= What you are asked to do =
Provide an exact reproduction of every entry.

= Listed records =

fun subst :: "nat \<Rightarrow> tm \<Rightarrow> fm \<Rightarrow> fm" where
  "subst x s (Eq a b) = Eq (substt x s a) (substt x s b)"
| "subst x s (Neq a b) = Neq (substt x s a) (substt x s b)"
| "subst x s (Tr t) = Tr (substt x s t)"
| "subst x s (NTr t) = NTr (substt x s t)"
| "subst x s (Pr t) = Pr (substt x s t)"
| "subst x s (NPr t) = NPr (substt x s t)"
| "subst x s (Conj a b) = Conj (subst x s a) (subst x s b)"
| "subst x s (Disj a b) = Disj (subst x s a) (subst x s b)"
| "subst x s (All y a) = (if y = x then All y a else All y (subst x s a))"
| "subst x s (Ex y a) = (if y = x then Ex y a else Ex y (subst x s a))"

fun free_for :: "tm \<Rightarrow> nat \<Rightarrow> fm \<Rightarrow> bool" where
  "free_for s x (Conj a b) = (free_for s x a \<and> free_for s x b)"
| "free_for s x (Disj a b) = (free_for s x a \<and> free_for s x b)"
| "free_for s x (All y a) = (x \<notin> fv (All y a) \<or> (y \<notin> fvt s \<and> free_for s x a))"
| "free_for s x (Ex y a) = (x \<notin> fv (Ex y a) \<or> (y \<notin> fvt s \<and> free_for s x a))"
| "free_for s x _ = True"

fun num :: "nat \<Rightarrow> tm" where
  "num 0 = ZeroT"
| "num (Suc n) = SucT (num n)"

fun evalt :: "(nat \<Rightarrow> nat) \<Rightarrow> tm \<Rightarrow> nat" where
  "evalt e (Var n) = e n"
| "evalt e ZeroT = 0"
| "evalt e (SucT t) = Suc (evalt e t)"
| "evalt e (PlusT a b) = evalt e a + evalt e b"
| "evalt e (TimesT a b) = evalt e a * evalt e b"

definition val :: "tm \<Rightarrow> nat" where
  "val t = evalt (\<lambda>_. 0) t"

section \<open>A fixed standard Goedel numbering\<close>

fun codet :: "tm \<Rightarrow> nat" where
  "codet (Var n) = prod_encode (0, n)"
| "codet ZeroT = prod_encode (1, 0)"
| "codet (SucT t) = prod_encode (2, codet t)"
| "codet (PlusT a b) = prod_encode (3, prod_encode (codet a, codet b))"
| "codet (TimesT a b) = prod_encode (4, prod_encode (codet a, codet b))"

fun code :: "fm \<Rightarrow> nat" where
  "code (Eq a b) = prod_encode (0, prod_encode (codet a, codet b))"
| "code (Neq a b) = prod_encode (1, prod_encode (codet a, codet b))"
| "code (Tr t) = prod_encode (2, codet t)"
| "code (NTr t) = prod_encode (3, codet t)"
| "code (Pr t) = prod_encode (4, codet t)"
| "code (NPr t) = prod_encode (5, codet t)"
| "code (Conj a b) = prod_encode (6, prod_encode (code a, code b))"
| "code (Disj a b) = prod_encode (7, prod_encode (code a, code b))"
| "code (All x a) = prod_encode (8, prod_encode (x, code a))"
| "code (Ex x a) = prod_encode (9, prod_encode (x, code a))"

definition gq :: "fm \<Rightarrow> tm" where
  "gq \<phi> = num (code \<phi>)"

section \<open>Partial models and Strong Kleene satisfaction\<close>

text \<open>A partial model (N,T,P) is given by ((T+,T-),(P+,P-)).\<close>
type_synonym pmodel = "(nat set \<times> nat set) \<times> (nat set \<times> nat set)"

fun fdepth :: "fm \<Rightarrow> nat" where
  "fdepth (Conj a b) = Suc (max (fdepth a) (fdepth b))"
| "fdepth (Disj a b) = Suc (max (fdepth a) (fdepth b))"
| "fdepth (All x a) = Suc (fdepth a)"
| "fdepth (Ex x a) = Suc (fdepth a)"
| "fdepth _ = 0"

lemma fdepth_subst [simp]: "fdepth (subst x s \<phi>) = fdepth \<phi>"
  by (induction \<phi>) auto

= Answer below =
fun subst :: "nat \<Rightarrow> tm \<Rightarrow> fm \<Rightarrow> fm" where
  "subst x s (Eq a b) = Eq (substt x s a) (substt x s b)"
| "subst x s (Neq a b) = Neq (substt x s a) (substt x s b)"
| "subst x s (Tr t) = Tr (substt x s t)"
| "subst x s (NTr t) = NTr (substt x s t)"
| "subst x s (Pr t) = Pr (substt x s t)"
| "subst x s (NPr t) = NPr (substt x s t)"
| "subst x s (Conj a b) = Conj (subst x s a) (subst x s b)"
| "subst x s (Disj a b) = Disj (subst x s a) (subst x s b)"
| "subst x s (All y a) = (if y = x then All y a else All y (subst x s a))"
| "subst x s (Ex y a) = (if y = x then Ex y a else Ex y (subst x s a))"

fun free_for :: "tm \<Rightarrow> nat \<Rightarrow> fm \<Rightarrow> bool" where
  "free_for s x (Conj a b) = (free_for s x a \<and> free_for s x b)"
| "free_for s x (Disj a b) = (free_for s x a \<and> free_for s x b)"
| "free_for s x (All y a) = (x \<notin> fv (All y a) \<or> (y \<notin> fvt s \<and> free_for s x a))"
| "free_for s x (Ex y a) = (x \<notin> fv (Ex y a) \<or> (y \<notin> fvt s \<and> free_for s x a))"
| "free_for s x _ = True"

fun num :: "nat \<Rightarrow> tm" where
  "num 0 = ZeroT"
| "num (Suc n) = SucT (num n)"

fun evalt :: "(nat \<Rightarrow> nat) \<Rightarrow> tm \<Rightarrow> nat" where
  "evalt e (Var n) = e n"
| "evalt e ZeroT = 0"
| "evalt e (SucT t) = Suc (evalt e t)"
| "evalt e (PlusT a b) = evalt e a + evalt e b"
| "evalt e (TimesT a b) = evalt e a * evalt e b"

definition val :: "tm \<Rightarrow> nat" where
  "val t = evalt (\<lambda>_. 0) t"

section \<open>A fixed standard Goedel numbering\<close>

fun codet :: "tm \<Rightarrow> nat" where
  "codet (Var n) = prod_encode (0, n)"
| "codet ZeroT = prod_encode (1, 0)"
| "codet (SucT t) = prod_encode (2, codet t)"
| "codet (PlusT a b) = prod_encode (3, prod_encode (codet a, codet b))"
| "codet (TimesT a b) = prod_encode (4, prod_encode (codet a, codet b))"

fun code :: "fm \<Rightarrow> nat" where
  "code (Eq a b) = prod_encode (0, prod_encode (codet a, codet b))"
| "code (Neq a b) = prod_encode (1, prod_encode (codet a, codet b))"
| "code (Tr t) = prod_encode (2, codet t)"
| "code (NTr t) = prod_encode (3, codet t)"
| "code (Pr t) = prod_encode (4, codet t)"
| "code (NPr t) = prod_encode (5, codet t)"
| "code (Conj a b) = prod_encode (6, prod_encode (code a, code b))"
| "code (Disj a b) = prod_encode (7, prod_encode (code a, code b))"
| "code (All x a) = prod_encode (8, prod_encode (x, code a))"
| "code (Ex x a) = prod_encode (9, prod_encode (x, code a))"

definition gq :: "fm \<Rightarrow> tm" where
  "gq \<phi> = num (code \<phi>)"

section \<open>Partial models and Strong Kleene satisfaction\<close>

text \<open>A partial model (N,T,P) is given by ((T+,T-),(P+,P-)).\<close>
type_synonym pmodel = "(nat set \<times> nat set) \<times> (nat set \<times> nat set)"

fun fdepth :: "fm \<Rightarrow> nat" where
  "fdepth (Conj a b) = Suc (max (fdepth a) (fdepth b))"
| "fdepth (Disj a b) = Suc (max (fdepth a) (fdepth b))"
| "fdepth (All x a) = Suc (fdepth a)"
| "fdepth (Ex x a) = Suc (fdepth a)"
| "fdepth _ = 0"

lemma fdepth_subst [simp]: "fdepth (subst x s \<phi>) = fdepth \<phi>"
  by (induction \<phi>) auto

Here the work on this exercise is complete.